The impetus for these two decades of reform took place in the 1980s, but it was a result of the major challenges facing education in the years before. In these years the nation's education system realized a major decline in enrollment. The 1970s marked the baby boom's departure from the schools and schools all over the country faced a sharp decline in enrollment. Along with this came a growing disengagement with education. As fewer and fewer residents had children in school, communities became less interested in schools and began resenting funding them through property taxes. This, along with other economic factors, brought on a major property-tax revolt in the late 1970s.

The school system was further challenged by social revolution. Teacher unions, the disabled, students with limited English proficiency (LEP), minorities, and women began to demand fair treatment in schools. Teacher unions in the late 1960s became increasingly active, organizing strikes regularly. Congress and the judiciary became more involved in protecting school-age citizens from discrimination with resolutions such as the Rehabilitation Act of 1973, the Education for All Handicapped Children Act of 1975, and the 1974 Supreme Court decision Lau v. Nichols.

Perhaps the most important of all the discrimination decisions was Brown v. Board of Education (1954) which demanded that public schools be racially desegregated. In order to desegregate schools busing was mandated. This practice caused major upheaval. As minorities entered traditionally segregated schools looking for stable learning environments, they found themselves amid great chaos and violence. The result of the efforts mainly led to "white flight" from public education to private schools.

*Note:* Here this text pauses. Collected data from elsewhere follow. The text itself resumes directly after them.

definition is_coalgebra :: "('o, 'm) smc \<Rightarrow> 'o \<Rightarrow> 'm \<Rightarrow> 'm \<Rightarrow> bool" where
  "is_coalgebra C H d e \<longleftrightarrow>
     H \<in> Obj C \<and> d \<in> Hom C H (TO C H H) \<and> e \<in> Hom C H (Uo C) \<and>
     Cmp C (TM C d (Idm C H)) d = Cmp C (TM C (Idm C H) d) d \<and>
     Cmp C (TM C e (Idm C H)) d = Idm C H \<and>
     Cmp C (TM C (Idm C H) e) d = Idm C H"

definition is_hopf_algebra ::
  "('o, 'm) smc \<Rightarrow> 'o \<Rightarrow> 'm \<Rightarrow> 'm \<Rightarrow> 'm \<Rightarrow> 'm \<Rightarrow> 'm \<Rightarrow> bool" where
  "is_hopf_algebra C H m u d e S \<longleftrightarrow>
     is_algebra C H m u \<and> is_coalgebra C H d e \<and> S \<in> Hom C H H \<and>
     Cmp C d m = Cmp C (TM C m m)
        (Cmp C (TM C (Idm C H) (TM C (Br C H H) (Idm C H))) (TM C d d)) \<and>
     Cmp C d u = TM C u u \<and>
     Cmp C e m = TM C e e \<and>
     Cmp C e u = Idm C (Uo C) \<and>
     Cmp C m (Cmp C (TM C S (Idm C H)) d) = Cmp C u e \<and>
     Cmp C m (Cmp C (TM C (Idm C H) S) d) = Cmp C u e"

definition is_integral_hopf_algebra ::
  "('o, 'm) smc \<Rightarrow> 'o \<Rightarrow> 'm \<Rightarrow> 'm \<Rightarrow> 'm \<Rightarrow> 'm \<Rightarrow> 'm \<Rightarrow> 'm \<Rightarrow> 'm \<Rightarrow> 'm \<Rightarrow> bool" where
  "is_integral_hopf_algebra C H m u d e S Si Lam lam \<longleftrightarrow>
     is_hopf_algebra C H m u d e S \<and>
     Si \<in> Hom C H H \<and> Cmp C S Si = Idm C H \<and> Cmp C Si S = Idm C H \<and>
     Lam \<in> Hom C (Uo C) H \<and> lam \<in> Hom C H (Uo C) \<and>
     Cmp C m (TM C (Idm C H) Lam) = Cmp C Lam e \<and>
     Cmp C (TM C lam (Idm C H)) d = Cmp C u lam \<and>
     Cmp C lam Lam = Idm C (Uo C)"

definition is_integral_hopf_endo ::
  "('o, 'm) smc \<Rightarrow> 'o \<Rightarrow> 'm \<Rightarrow> 'm \<Rightarrow> 'm \<Rightarrow> 'm \<Rightarrow> 'm \<Rightarrow> 'm \<Rightarrow> 'm \<Rightarrow> 'm \<Rightarrow> bool" where
  "is_integral_hopf_endo C H m u d e S Lam lam f \<longleftrightarrow>
     f \<in> Hom C H H \<and>
     Cmp C f m = Cmp C m (TM C f f) \<and> Cmp C f u = u \<and>
     Cmp C d f = Cmp C (TM C f f) d \<and> Cmp C e f = e \<and>
     Cmp C f Lam = Lam \<and> Cmp C lam f = lam \<and>
     Cmp C f S = Cmp C S f"

definition is_extended_hopf_algebra ::
  "('o, 'm) smc \<Rightarrow> 'o \<Rightarrow> 'm \<Rightarrow> 'm \<Rightarrow> 'm \<Rightarrow> 'm \<Rightarrow> 'm \<Rightarrow> 'm \<Rightarrow> 'm \<Rightarrow> 'm
     \<Rightarrow> 'm \<Rightarrow> 'm \<Rightarrow> bool" where
  "is_extended_hopf_algebra C H m u d e S Si Lam lam phi theta \<longleftrightarrow>
     is_integral_hopf_algebra C H m u d e S Si Lam lam \<and>
     phi \<in> Hom C H H \<and> theta \<in> Hom C (Uo C) H \<and>
     is_integral_hopf_endo C H m u d e S Lam lam phi \<and>
     Cmp C phi phi = Idm C H \<and>
     Cmp C phi (Cmp C m (TM C theta (Idm C H))) = Cmp C m (TM C theta (Idm C H)) \<and>
     Cmp C m (Cmp C (TM C phi S) (Cmp C d Lam)) = Cmp C m (TM C theta theta)"

definition is_frobenius_algebra ::
  "('o, 'm) smc \<Rightarrow> 'o \<Rightarrow> 'm \<Rightarrow> 'm \<Rightarrow> 'm \<Rightarrow> 'm \<Rightarrow> bool" where
  "is_frobenius_algebra C A m u d e \<longleftrightarrow>
     is_algebra C A m u \<and> is_coalgebra C A d e \<and>
     Cmp C (TM C (Idm C A) m) (TM C d (Idm C A)) = Cmp C d m \<and>
     Cmp C (TM C m (Idm C A)) (TM C (Idm C A) d) = Cmp C d m"

definition is_extended_frobenius_structure ::
  "('o, 'm) smc \<Rightarrow> 'o \<Rightarrow> 'm \<Rightarrow> 'm \<Rightarrow> 'm \<Rightarrow> 'm \<Rightarrow> 'm \<Rightarrow> 'm \<Rightarrow> bool" where
  "is_extended_frobenius_structure C A m u d e phi theta \<longleftrightarrow>
     is_frobenius_algebra C A m u d e \<and>
     phi \<in> Hom C A A \<and> theta \<in> Hom C (Uo C) A \<and>
     Cmp C phi m = Cmp C m (TM C phi phi) \<and> Cmp C phi u = u \<and>
     Cmp C d phi = Cmp C (TM C phi phi) d \<and> Cmp C e phi = e \<and>
     Cmp C phi phi = Idm C A \<and>
     Cmp C phi (Cmp C m (TM C theta (Idm C A))) = Cmp C m (TM C theta (Idm C A)) \<and>
     Cmp C m (Cmp C (TM C phi (Idm C A)) (Cmp C d u)) = Cmp C m (TM C theta theta)"

end

theory Submission
  imports Defs
begin

text \<open>
The Galois map \<open>\<Phi>' = (id \<otimes> m)(\<Delta> \<otimes> id)\<close> of a Hopf algebra is invertible with inverse
\<open>\<Phi> = (id \<otimes> m)(id \<otimes> S \<otimes> id)(\<Delta> \<otimes> id)\<close>.  For the Frobenius coproduct
\<open>\<Delta>\<^sub>F = (m \<otimes> S)(id \<otimes> \<Delta>\<Lambda>)\<close> the integral property of \<open>\<Lambda>\<close> gives \<open>\<Phi>' \<Delta>\<^sub>F = \<Lambda> \<otimes> id\<close>,
hence \<open>\<Delta>\<^sub>F = \<Phi>(\<Lambda> \<otimes> id) = (id \<otimes> m)(X \<otimes> id)\<close> with \<open>X = (id \<otimes> S)\<Delta>\<Lambda> = \<Delta>\<^sub>F u\<close>, and
also \<open>\<Delta>\<^sub>F = (m \<otimes> id)(id \<otimes> X)\<close>.  With these two forms the Frobenius relations and
coassociativity of \<open>\<Delta>\<^sub>F\<close> reduce to associativity of \<open>m\<close>; the counit laws for \<open>\<lambda>\<close>
follow from the cointegral property and \<open>\<lambda>\<Lambda> = 1\<close>.  A Hopf algebra morphism \<open>\<phi>\<close> fixing \<open>\<Lambda>\<close>
commutes with \<open>\<Delta>\<^sub>F\<close>, and \<open>m(\<phi> \<otimes> id)\<Delta>\<^sub>F u = m(\<phi> \<otimes> S)\<Delta>\<Lambda>\<close> turns condition (iii) of an
extended Hopf algebra into condition (iii) of an extended Frobenius structure.
\<close>

section \<open>Arrows between tensor powers\<close>

text \<open>Morphisms \<open>H\<^sup>\<otimes>\<^sup>i \<rightarrow> H\<^sup>\<otimes>\<^sup>j\<close> are tagged with their arities, so that the strictness of
the tensor product becomes arithmetic on the tags.\<close>
datatype 'm arr = Arr (src: nat) (tgt: nat) (mor: 'm)

locale tensor_powers =
  fixes C :: "('o,'m) smc" and H :: 'o
  assumes ssmc: "strict_symmetric_monoidal_category C" and H_obj: "H \<in> Obj C"
begin

lemma
  shows Idm_hom: "A \<in> Obj C \<Longrightarrow> Idm C A \<in> Hom C A A"
    and Cmp_hom: "f \<in> Hom C A B \<Longrightarrow> g \<in> Hom C B D \<Longrightarrow> Cmp C g f \<in> Hom C A D"
    and Cmp_assoc: "f \<in> Hom C A B \<Longrightarrow> g \<in> Hom C B D \<Longrightarrow> h \<in> Hom C D E \<Longrightarrow>
        Cmp C h (Cmp C g f) = Cmp C (Cmp C h g) f"
    and Cmp_Idm_left: "f \<in> Hom C A B \<Longrightarrow> Cmp C (Idm C B) f = f"
    and Cmp_Idm_right: "f \<in> Hom C A B \<Longrightarrow> Cmp C f (Idm C A) = f"
    and Uo_obj: "Uo C \<in> Obj C"
    and TO_obj: "A \<in> Obj C \<Longrightarrow> B \<in> Obj C \<Longrightarrow> TO C A B \<in> Obj C"
    and TM_hom: "f \<in> Hom C A B \<Longrightarrow> g \<in> Hom C A' B' \<Longrightarrow>
        TM C f g \<in> Hom C (TO C A A') (TO C B B')"
    and TM_Idm: "A \<in> Obj C \<Longrightarrow> B \<in> Obj C \<Longrightarrow> TM C (Idm C A) (Idm C B) = Idm C (TO C A B)"
    and TM_Cmp: "f \<in> Hom C A B \<Longrightarrow> g \<in> Hom C B D \<Longrightarrow> f' \<in> Hom C A' B' \<Longrightarrow> g' \<in> Hom C B' D' \<Longrightarrow>
        TM C (Cmp C g f) (Cmp C g' f') = Cmp C (TM C g g') (TM C f f')"
    and TO_assoc: "A \<in> Obj C \<Longrightarrow> B \<in> Obj C \<Longrightarrow> D \<in> Obj C \<Longrightarrow>
        TO C (TO C A B) D = TO C A (TO C B D)"
    and TO_Uo: "A \<in> Obj C \<Longrightarrow> TO C (Uo C) A = A" "A \<in> Obj C \<Longrightarrow> TO C A (Uo C) = A"
    and TM_assoc: "f \<in> Hom C A B \<Longrightarrow> g \<in> Hom C A' B' \<Longrightarrow> h \<in> Hom C A'' B'' \<Longrightarrow>
        TM C (TM C f g) h = TM C f (TM C g h)"
    and TM_Idm_Uo_left: "f \<in> Hom C A B \<Longrightarrow> TM C (Idm C (Uo C)) f = f"
    and TM_Idm_Uo_right: "f \<in> Hom C A B \<Longrightarrow> TM C f (Idm C (Uo C)) = f"
    and Br_hom: "A \<in> Obj C \<Longrightarrow> B \<in> Obj C \<Longrightarrow> Br C A B \<in> Hom C (TO C A B) (TO C B A)"
    and Br_natural: "f \<in> Hom C A B \<Longrightarrow> g \<in> Hom C A' B' \<Longrightarrow>
        Cmp C (Br C B B') (TM C f g) = Cmp C (TM C g f) (Br C A A')"
    and Br_hexagon: "A \<in> Obj C \<Longrightarrow> B \<in> Obj C \<Longrightarrow> D \<in> Obj C \<Longrightarrow>
        Br C A (TO C B D) = Cmp C (TM C (Idm C B) (Br C A D)) (TM C (Br C A B) (Idm C D))"
    and Br_symmetric: "A \<in> Obj C \<Longrightarrow> B \<in> Obj C \<Longrightarrow> Cmp C (Br C B A) (Br C A B) = Idm C (TO C A B)"
  using ssmc[unfolded strict_symmetric_monoidal_category_def] by auto

primrec pow :: "nat \<Rightarrow> 'o" where
  "pow 0 = Uo C"
| "pow (Suc n) = TO C H (pow n)"

lemma pow_obj[simp]: "pow n \<in> Obj C"
  by (induction n) (auto simp: Uo_obj TO_obj H_obj)

lemma TO_pow: "TO C (pow a) (pow b) = pow (a + b)"
  by (induction a) (auto simp: TO_Uo TO_assoc H_obj)

lemma pow_Suc_0[simp]: "pow (Suc 0) = H"
  by (simp add: TO_Uo H_obj)

lemma pow_2: "pow 2 = TO C H H"
  by (simp add: numeral_2_eq_2 TO_Uo H_obj)

lemma Suc_Suc_0_eq_2[simp]: "Suc (Suc 0) = 2"
  by simp

declare pow.simps(2)[simp del]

Concurrent efforts to make education a place of equal opportunity for all led to a de-emphasis on teaching and learning. Schools across the nation became increasingly bureaucratic as the nation became more litigious. School employees were often more concerned with enforcing and maintaining order and the new regulations than with teaching their students. It was said educators became more concerned with "dodging lawsuits than with the quality instruction in their schools, and they made the broadening of education opportunities rather than the quality of education the priority in much of public schooling" (Toch, p. 7).

As American public education was deteriorating rapidly in the late 1960s and early 1970s, it began to draw the attention of critics who published many reports detailing the problems in schools and calling for widespread reform. In 1966 James S. Coleman released a study reporting that socioeconomic status was the primary determinant in academic achievement. In other words, schools, teachers, and money had little bearing on the level of academic achievement that a student could reach. Another leading sociologist, Christopher Jencks, reaffirmed Coleman's study by stating that academic achievement was more an indicator of the student's characteristics than of the school input.

Despite more and more public attention to the education crisis, the federal role was still limited. Not until 1979, after a major lobbying effort by the National Education Association (NEA), which later became the largest teacher union in the country, was the U.S. Department of Education created by the Carter administration.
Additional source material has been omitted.